A live recording of Beethoven’s Missa Solemnis Op.123, a Mass in D major for four solo voices, choir and orchestra, composed between the years 1818 and 1823.
The performance took place in the 500-year-old Gothic Amanduskirche in Bad Urach, Southern Germany, with soloists Phyllis Bryn-Julson (soprano), Marjana Lipovsek (alto), Josef Protschka (tenor) and Kurt Rydl (bass). Michael Gielen conducts the Südwestfunk Symphony Orchestra and the Prague Philharmonic Choir.

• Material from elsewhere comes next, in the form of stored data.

(* Let $\alpha,\beta>-1$ and $n\in\mathbb{N}=\{1,2,\dots\}$, and let $t_1<\dots<t_n$ be the zeros of $P_n^{(\alpha,\beta)}$. Then $$\|p_n^{(\alpha,\beta)}\|_1=\int_{-1}^1|p_n^{(\alpha,\beta)}(t)|\,dt=\frac{4}{n+\alpha+\beta+1}\cdot\frac{n+\alpha+\beta}{2n+\alpha+\beta}\cdot\frac{2n+\alpha+\beta+1}{2n+\alpha+\beta-1}\sum_{m=1}^n(-1)^{m+n}p_{n-1}^{(\alpha,\beta)}(t_m).$$
   Context: The Jacobi polynomials are $P_n^{(\alpha,\beta)}(t)=\sum_{j=0}^n\frac{1}{2^n}\binom{n+\alpha}{n-j}\binom{n+\beta}{j}(t-1)^j(t+1)^{n-j}$. The Jacobi functions on $(-1,1)$ are $p_n^{(\alpha,\beta)}(t)=\frac{(2n+\alpha+\beta+1)\Gamma(n+\alpha+\beta+1)\,n!}{2^{\alpha+\beta+1}\Gamma(n+\alpha+1)\Gamma(n+\beta+1)}(1-t)^{\alpha}(1+t)^{\beta}P_n^{(\alpha,\beta)}(t)$. *)

theory Defs
  imports "HOL-Analysis.Analysis"
begin

definition jacobiP :: "nat \<Rightarrow> real \<Rightarrow> real \<Rightarrow> real \<Rightarrow> real" where
  "jacobiP n a b t =
     (\<Sum>j=0..n. (1 / 2 ^ n) * ((real n + a) gchoose (n - j)) * ((real n + b) gchoose j)
                 * (t - 1) ^ j * (t + 1) ^ (n - j))"

definition jacobi_fun :: "nat \<Rightarrow> real \<Rightarrow> real \<Rightarrow> real \<Rightarrow> real" where
  "jacobi_fun n a b t =
     ((2 * real n + a + b + 1) * Gamma (real n + a + b + 1) * fact n
        / (2 powr (a + b + 1) * Gamma (real n + a + 1) * Gamma (real n + b + 1)))
     * (1 - t) powr a * (1 + t) powr b * jacobiP n a b t"

end

(*
  For n = m + 1 put F = c * (1 - x)^(a+1) * (1 + x)^(b+1) * P_m^(a+1,b+1) with a suitable constant c:
  a Rodrigues-type identity makes F an antiderivative of p_n, and F vanishes at -1 and 1.
  Applying Rolle's theorem recursively in (a, b) shows that P_n has n distinct zeros in (-1, 1);
  as P_n has degree n with positive leading coefficient, these are all its zeros, they are simple,
  and p_n has sign (-1)^(k+n) between t_k and t_(k+1). Hence the integral of |p_n| is
  -2 * sum_k (-1)^(k+n) * F(t_k). At a zero of P_n two contiguous relations express
  (1 - x^2) * P_m^(a+1,b+1)(x) through P_m^(a,b)(x), which turns F(t_k) into a multiple of p_(n-1)(t_k).
*)

theory Submission
  imports Defs "HOL-Computational_Algebra.Polynomial" "HOL-Computational_Algebra.Formal_Power_Series"
begin

(* Jacobi polynomials are binary forms in X = (x - 1)/2 and Y = (x + 1)/2 (jacobiP_eq_homog_sum),
   so identities between them reduce to identities between coefficient sequences. *)
definition homog_sum :: "nat \<Rightarrow> (nat \<Rightarrow> real) \<Rightarrow> real \<Rightarrow> real \<Rightarrow> real" where
  "homog_sum d c X Y = (\<Sum>k=0..d. c k * X ^ k * Y ^ (d - k))"

lemma homog_sum_mult_X:
  "X * homog_sum d c X Y = homog_sum (Suc d) (\<lambda>k. if k = 0 then 0 else c (k - 1)) X Y"
  unfolding homog_sum_def
  by (subst sum.atLeast0_atMost_Suc_shift) (simp add: sum_distrib_left algebra_simps)

lemma homog_sum_mult_Y:
  "Y * homog_sum d c X Y = homog_sum (Suc d) (\<lambda>k. if k \<le> d then c k else 0) X Y"
  unfolding homog_sum_def
  by (subst sum.atLeast0_atMost_Suc) (auto simp: sum_distrib_left Suc_diff_le algebra_simps intro!: sum.cong)

lemma homog_sum_add: "homog_sum d c X Y + homog_sum d c' X Y = homog_sum d (\<lambda>k. c k + c' k) X Y"
  unfolding homog_sum_def by (simp add: sum.distrib algebra_simps)

lemma homog_sum_diff: "homog_sum d c X Y - homog_sum d c' X Y = homog_sum d (\<lambda>k. c k - c' k) X Y"
  unfolding homog_sum_def by (simp add: sum_subtractf algebra_simps)

lemma homog_sum_scale: "r * homog_sum d c X Y = homog_sum d (\<lambda>k. r * c k) X Y"
  unfolding homog_sum_def by (simp add: sum_distrib_left algebra_simps)

lemma homog_sum_cong: "(\<And>k. k \<le> d \<Longrightarrow> c k = c' k) \<Longrightarrow> homog_sum d c X Y = homog_sum d c' X Y"
  unfolding homog_sum_def by (intro sum.cong) auto

definition homog_sum_deriv :: "nat \<Rightarrow> (nat \<Rightarrow> real) \<Rightarrow> real \<Rightarrow> real \<Rightarrow> real" where
  "homog_sum_deriv d c X Y =
     (\<Sum>k=0..d. c k * (real k * X ^ (k - 1) * (1/2) * Y ^ (d - k) + X ^ k * (real (d - k) * Y ^ (d - k - 1) * (1/2))))"

lemma has_real_derivative_homog_sum:
  "((\<lambda>x. homog_sum d c ((x - 1) / 2) ((x + 1) / 2)) has_real_derivative
      homog_sum_deriv d c ((x - 1) / 2) ((x + 1) / 2)) (at x)"
  unfolding homog_sum_def homog_sum_deriv_def
  by (rule DERIV_sum, auto intro!: derivative_eq_intros) (simp add: field_simps of_nat_diff)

This deeply felt and imaginative performance of a work written towards the end of Beethoven’s career, when he was totally deaf, makes this difficult piece unusually accessible. The composer’s setting of the Mass is on the grandest scale possible, but its special message lies in its humanity, in the individual response it provokes to the meaning of the Resurrection.
The Missa solemnis in D Major, Op. 123 was composed by Ludwig van Beethoven from 1819-1823. It was first performed on April 7, 1824 in St. Petersburg, under the auspices of Beethoven's patron Prince Nikolai Galitzin; an incomplete performance was given in Vienna on 7 May 1824, when the Kyrie, Credo, and Agnus Dei were conducted by the composer. It is generally considered to be one of the composer's supreme achievements. Together with Bach's Mass in B Minor, it is the most significant mass setting of the common practice period.

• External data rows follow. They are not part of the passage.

(* Assume $\dim\mathfrak z=1$. Let $\mathcal Z\subseteq N$ be the set of all points $\gamma(t)$ ($t\neq0$) that are conjugate to $\gamma(0)=1$ along some geodesic $\gamma$ with $\gamma(0)=1$ and $\dot\gamma(0)\in\mathfrak v\setminus\{0\}$. Then $\mathcal Z$ is a real-analytic embedded submanifold of the hypersurface $\exp(\mathfrak v)$ of $N$, where $\exp$ is the Lie group exponential map.
   Context: Let $N$ be a connected, simply connected, 2-step nilpotent real Lie group with Lie algebra $\mathfrak n$ and center $\mathfrak z$; its Lie group exponential map $\exp:\mathfrak n\to N$ is a diffeomorphism. Let $\langle\,,\rangle$ be an inner product on $\mathfrak n$, meaning a nondegenerate symmetric bilinear form (possibly indefinite); the same symbol denotes the induced left-invariant pseudo-Riemannian metric on $N$, with Levi-Civita connection $\nabla$. Assume the restriction of $\langle\,,\rangle$ to $\mathfrak z$ is nondegenerate and put $\mathfrak v=\mathfrak z^\perp$, so $\mathfrak n=\mathfrak z\oplus\mathfrak v$. A Jacobi field along a geodesic $\gamma$ is a vector field $Y$ along $\gamma$ with $\nabla_{\dot\gamma}\nabla_{\dot\gamma}Y+R(Y,\dot\gamma)\dot\gamma=0$, where $R(X,Y)=\nabla_X\nabla_Y-\nabla_Y\nabla_X-\nabla_{[X,Y]}$; $\gamma(t_0)$ ($t_0\ne0$) is conjugate to $\gamma(0)$ along $\gamma$ if some nontrivial Jacobi field vanishes at $0$ and $t_0$. *)

theory Defs
  imports "HOL-Analysis.Analysis"
begin

text \<open>
The simply connected 2-step nilpotent group N with Lie algebra n = real^'n
(bracket br) is realised, via the Lie group exponential, on real^'n itself with the
Baker-Campbell-Hausdorff product x*y = x + y + (1/2)[x,y]; exp is the identity map and
the identity element is 0.  Tangent vectors at p are represented by their left
trivialisation, i.e. v in T_pN is written as dL_p X with X in n; here
dL_p X = X + (1/2)[p,X] and its inverse is v - (1/2)[p,v].
\<close>

definition bch_mult :: "(real^'n \<Rightarrow> real^'n \<Rightarrow> real^'n) \<Rightarrow> real^'n \<Rightarrow> real^'n \<Rightarrow> real^'n" where
  "bch_mult br x y = x + y + (1/2) *\<^sub>R br x y"

text \<open>Levi-Civita connection on left-invariant fields (Koszul formula), using the
nondegenerate inner product B.\<close>
definition lc_nabla :: "(real^'n \<Rightarrow> real^'n \<Rightarrow> real^'n) \<Rightarrow> (real^'n \<Rightarrow> real^'n \<Rightarrow> real)
    \<Rightarrow> real^'n \<Rightarrow> real^'n \<Rightarrow> real^'n" where
  "lc_nabla br B X Y =
     (THE w. \<forall>Z. B w Z = (B (br X Y) Z - B (br Y Z) X + B (br Z X) Y) / 2)"

text \<open>Curvature R(X,Y)Z = nabla_X nabla_Y Z - nabla_Y nabla_X Z - nabla_[X,Y] Z on
left-invariant fields (R is a left-invariant tensor).\<close>
definition lc_curv :: "(real^'n \<Rightarrow> real^'n \<Rightarrow> real^'n) \<Rightarrow> (real^'n \<Rightarrow> real^'n \<Rightarrow> real)
    \<Rightarrow> real^'n \<Rightarrow> real^'n \<Rightarrow> real^'n \<Rightarrow> real^'n" where
  "lc_curv br B X Y Z =
     lc_nabla br B X (lc_nabla br B Y Z) - lc_nabla br B Y (lc_nabla br B X Z)
     - lc_nabla br B (br X Y) Z"

definition lt_vel :: "(real^'n \<Rightarrow> real^'n \<Rightarrow> real^'n) \<Rightarrow> (real \<Rightarrow> real^'n)
    \<Rightarrow> (real \<Rightarrow> real^'n) \<Rightarrow> real \<Rightarrow> real^'n" where
  "lt_vel br \<gamma> \<gamma>' s = \<gamma>' s - (1/2) *\<^sub>R br (\<gamma> s) (\<gamma>' s)"

definition geodesic_on :: "(real^'n \<Rightarrow> real^'n \<Rightarrow> real^'n) \<Rightarrow> (real^'n \<Rightarrow> real^'n \<Rightarrow> real)
    \<Rightarrow> real set \<Rightarrow> (real \<Rightarrow> real^'n) \<Rightarrow> (real \<Rightarrow> real^'n) \<Rightarrow> bool" where
  "geodesic_on br B I \<gamma> \<gamma>' \<longleftrightarrow> open I \<and> is_interval I \<and>
     (\<forall>t\<in>I. (\<gamma> has_vector_derivative \<gamma>' t) (at t)) \<and>
     (\<exists>u'. \<forall>t\<in>I. (lt_vel br \<gamma> \<gamma>' has_vector_derivative u' t) (at t) \<and>
             u' t + lc_nabla br B (lt_vel br \<gamma> \<gamma>' t) (lt_vel br \<gamma> \<gamma>' t) = 0)"

text \<open>Jacobi field along gamma, given in the left-invariant frame by y : I \<rightarrow> n:
D_t D_t Y + R(Y, gamma') gamma' = 0, where D_t w = w' + nabla_u w.\<close>
definition jacobi_field :: "(real^'n \<Rightarrow> real^'n \<Rightarrow> real^'n) \<Rightarrow> (real^'n \<Rightarrow> real^'n \<Rightarrow> real)
    \<Rightarrow> real set \<Rightarrow> (real \<Rightarrow> real^'n) \<Rightarrow> (real \<Rightarrow> real^'n) \<Rightarrow> (real \<Rightarrow> real^'n) \<Rightarrow> bool" where
  "jacobi_field br B I \<gamma> \<gamma>' y \<longleftrightarrow>
     (\<exists>y1 w1. \<forall>t\<in>I.
        (y has_vector_derivative y1 t) (at t) \<and>
        ((\<lambda>s. y1 s + lc_nabla br B (lt_vel br \<gamma> \<gamma>' s) (y s)) has_vector_derivative w1 t) (at t) \<and>
        w1 t + lc_nabla br B (lt_vel br \<gamma> \<gamma>' t) (y1 t + lc_nabla br B (lt_vel br \<gamma> \<gamma>' t) (y t))
          + lc_curv br B (y t) (lt_vel br \<gamma> \<gamma>' t) (lt_vel br \<gamma> \<gamma>' t) = 0)"

definition conjugate_along :: "(real^'n \<Rightarrow> real^'n \<Rightarrow> real^'n) \<Rightarrow> (real^'n \<Rightarrow> real^'n \<Rightarrow> real)
    \<Rightarrow> real set \<Rightarrow> (real \<Rightarrow> real^'n) \<Rightarrow> (real \<Rightarrow> real^'n) \<Rightarrow> real \<Rightarrow> bool" where
  "conjugate_along br B I \<gamma> \<gamma>' t0 \<longleftrightarrow> 0 \<in> I \<and> t0 \<in> I \<and> t0 \<noteq> 0 \<and>
     (\<exists>y. jacobi_field br B I \<gamma> \<gamma>' y \<and> y 0 = 0 \<and> y t0 = 0 \<and> (\<exists>t\<in>I. y t \<noteq> 0))"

Unquestionably a great work, representing Beethoven at the height of his powers, it has notably failed to reach the popularity of many of the symphonies and sonatas. Written around the same time as his ninth symphony, it is Beethoven's second setting of the mass, after his Mass in C, Op. 86, a work far less admired.
The mass is scored for 2 flutes; 2 oboes, 2 clarinets (in A, C, and B?); 2 bassoons; contrabassoon; 4 horns (in D, E?, B? basso, E, and G); 2 trumpets (D, B?, and C); alto, tenor, and bass trombone; timpani; organ continuo; strings (violins I and II, violas, cellos, and basses); soprano, alto, tenor, and bass soloists; and soprano, alto, tenor, and bass chorus. (wikipedia)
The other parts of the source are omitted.